School of Medicine, Regenerative Medicine Institute, Biomedical Science Building BMS-1021, National University of Ireland Galway, Dangan, Ireland.
Physiology and Cellular Physiology Research Laboratory, School of Medicine, CÚRAM SFI Centre for Research in Medical Devices, National University of Ireland (NUI), Galway, Ireland.
BMC Neurosci. 2021 Sep 15;22(1):56. doi: 10.1186/s12868-021-00661-0.
NRXN1 deletions are identified as one of major rare risk factors for autism spectrum disorder (ASD) and other neurodevelopmental disorders. ASD has 30% co-morbidity with epilepsy, and the latter is associated with excessive neuronal firing. NRXN1 encodes hundreds of presynaptic neuro-adhesion proteins categorized as NRXN1α/β/γ. Previous studies on cultured cells show that the short NRXN1β primarily exerts excitation effect, whereas the long NRXN1α which is more commonly deleted in patients involves in both excitation and inhibition. However, patient-derived models are essential for understanding functional consequences of NRXN1α deletions in human neurons. We recently derived induced pluripotent stem cells (iPSCs) from five controls and three ASD patients carrying NRXN1α and showed increased calcium transients in patient neurons.
In this study we investigated the electrophysiological properties of iPSC-derived cortical neurons in control and ASD patients carrying NRXN1α using patch clamping. Whole genome RNA sequencing was carried out to further understand the potential underlying molecular mechanism.
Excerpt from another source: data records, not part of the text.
(* (a) Let $K$ be a division ring and $\sigma$ an automorphism of $K$ of finite order $n$ such that no $\sigma^i$ with $1\le i<n$ is an inner automorphism. Then in $K[t;\sigma]$ the set of right roots of $t^n-1$ is exactly $\Delta^\sigma(1)=\{\sigma(x)x^{-1}\mid 0\ne x\in K\}$, and no nonzero polynomial of degree $<n$ in $K[t;\sigma]$ vanishes at every element of $\Delta^\sigma(1)$ (so $t^n-1$ is the minimal polynomial of $\Delta^\sigma(1)$). (b) Let $K$ be a division ring of characteristic $p>0$ and $\delta$ a derivation of $K$ with $\delta^{p^n}=0$ and satisfying no nontrivial identity $\sum_{i=0}^{m}c_i\delta^i=0$ ($c_i\in K$, not all zero) with $m<p^n$. Then in $K[t;\delta]$ the set of right roots of $t^{p^n}$ is exactly $\Delta^\delta(0)=\{\delta(x)x^{-1}\mid 0\ne x\in K\}$, and no nonzero polynomial of degree $<p^n$ vanishes at every element of $\Delta^\delta(0)$.
   Context: $K[t;\sigma]$ is the skew polynomial ring with $ta=\sigma(a)t$; $K[t;\delta]$ is the differential polynomial ring with $ta=at+\delta(a)$. For $f$ in such a ring $R$ and $a\in K$, $f(a)$ is the unique element of $K$ with $f-f(a)\in R(t-a)$; $a$ is a right root of $f$ if $f(a)=0$. *)

theory Defs
  imports "HOL-Computational_Algebra.Polynomial"
begin

text \<open>Polynomials over a division ring are represented by the type 'a poly, used
only for its additive structure (coefficients, degree, monomials); the
non-commutative skew multiplications are defined below.\<close>

definition ring_automorphism :: "('a::division_ring \<Rightarrow> 'a) \<Rightarrow> bool" where
  "ring_automorphism \<sigma> \<longleftrightarrow> bij \<sigma> \<and> (\<forall>x y. \<sigma> (x + y) = \<sigma> x + \<sigma> y)
     \<and> (\<forall>x y. \<sigma> (x * y) = \<sigma> x * \<sigma> y) \<and> \<sigma> 1 = 1"

definition inner_automorphism :: "('a::division_ring \<Rightarrow> 'a) \<Rightarrow> bool" where
  "inner_automorphism \<tau> \<longleftrightarrow> (\<exists>c. c \<noteq> 0 \<and> (\<forall>x. \<tau> x = c * x * inverse c))"

definition derivation :: "('a::division_ring \<Rightarrow> 'a) \<Rightarrow> bool" where
  "derivation \<delta> \<longleftrightarrow> (\<forall>x y. \<delta> (x + y) = \<delta> x + \<delta> y)
     \<and> (\<forall>x y. \<delta> (x * y) = \<delta> x * y + x * \<delta> y)"

text \<open>Multiplication in K[t;sigma]: (a t^i)(b t^j) = a sigma^i(b) t^(i+j).\<close>
definition skew_mult :: "('a::division_ring \<Rightarrow> 'a) \<Rightarrow> 'a poly \<Rightarrow> 'a poly \<Rightarrow> 'a poly" where
  "skew_mult \<sigma> p q = (\<Sum>i\<le>degree p. \<Sum>j\<le>degree q.
      monom (coeff p i * (\<sigma> ^^ i) (coeff q j)) (i + j))"

text \<open>Multiplication in K[t;delta]: t^i b = sum_k (i choose k) delta^(i-k)(b) t^k.\<close>
definition diff_mult :: "('a::division_ring \<Rightarrow> 'a) \<Rightarrow> 'a poly \<Rightarrow> 'a poly \<Rightarrow> 'a poly" where
  "diff_mult \<delta> p q = (\<Sum>i\<le>degree p. \<Sum>j\<le>degree q. \<Sum>k\<le>i.
      monom (coeff p i * of_nat (i choose k) * (\<delta> ^^ (i - k)) (coeff q j)) (k + j))"

definition skew_eval :: "('a::division_ring \<Rightarrow> 'a) \<Rightarrow> 'a poly \<Rightarrow> 'a \<Rightarrow> 'a" where
  "skew_eval \<sigma> f a = (THE b. \<exists>q. f - [:b:] = skew_mult \<sigma> q [:- a, 1:])"

definition diff_eval :: "('a::division_ring \<Rightarrow> 'a) \<Rightarrow> 'a poly \<Rightarrow> 'a \<Rightarrow> 'a" where
  "diff_eval \<delta> f a = (THE b. \<exists>q. f - [:b:] = diff_mult \<delta> q [:- a, 1:])"

definition Delta_sigma_1 :: "('a::division_ring \<Rightarrow> 'a) \<Rightarrow> 'a set" where
  "Delta_sigma_1 \<sigma> = {\<sigma> x * inverse x | x. x \<noteq> 0}"

definition Delta_delta_0 :: "('a::division_ring \<Rightarrow> 'a) \<Rightarrow> 'a set" where
  "Delta_delta_0 \<delta> = {\<delta> x * inverse x | x. x \<noteq> 0}"

end

theory Submission
  imports Defs
begin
NRXN1α cortical neurons were shown to display larger sodium currents, higher AP amplitude and accelerated depolarization time. RNASeq analyses revealed transcriptomic changes with significant upregulation glutamatergic synapse and ion channels/transporter activity including voltage-gated potassium channels (GRIN1, GRIN3B, SLC17A6, CACNG3, CACNA1A, SHANK1), which are likely to couple with the increased excitability in NRXN1α cortical neurons.
Together with recent evidence of increased calcium transients, our results showed that human NRXN1α isoform deletions altered neuronal excitability and non-synaptic function, and NRXN1α patient iPSCs may be used as an ASD model for therapeutic development with calcium transients and excitability as readouts.
NRXN1 缺失被认为是自闭症谱系障碍 (ASD) 和其他神经发育障碍的主要罕见风险因素之一。ASD 有 30%与癫痫共病,后者与过度神经元放电有关。NRXN1 编码数百种分类为 NRXN1α/β/γ 的突触前神经粘附蛋白。之前在培养细胞上的研究表明,短 NRXN1β 主要发挥兴奋作用,而长 NRXN1α 在患者中更常见缺失,涉及兴奋和抑制作用。然而,患者衍生模型对于理解 NRXN1α 缺失在人类神经元中的功能后果至关重要。我们最近从五名对照和三名携带 NRXN1α 的 ASD 患者中获得诱导多能干细胞 (iPSC),并显示患者神经元中的钙瞬变增加。
在这项研究中,我们使用膜片钳技术研究了携带 NRXN1α 的对照和 ASD 患者来源的 iPSC 衍生皮质神经元的电生理特性。进行全基因组 RNA 测序以进一步了解潜在的分子机制。
NRXN1α 皮质神经元显示出更大的钠电流、更高的 AP 幅度和更快的去极化时间。RNASeq 分析显示转录组发生变化,谷氨酸能突触和离子通道/转运体活性显著上调,包括电压门控钾通道 (GRIN1、GRIN3B、SLC17A6、CACNG3、CACNA1A、SHANK1),这可能与 NRXN1α 皮质神经元的兴奋性增加有关。
结合最近钙瞬变增加的证据,我们的结果表明,人类 NRXN1α 异构体缺失改变了神经元的兴奋性和非突触功能,NRXN1α 患者 iPSC 可能作为 ASD 模型用于治疗开发,以钙瞬变和兴奋性作为读出。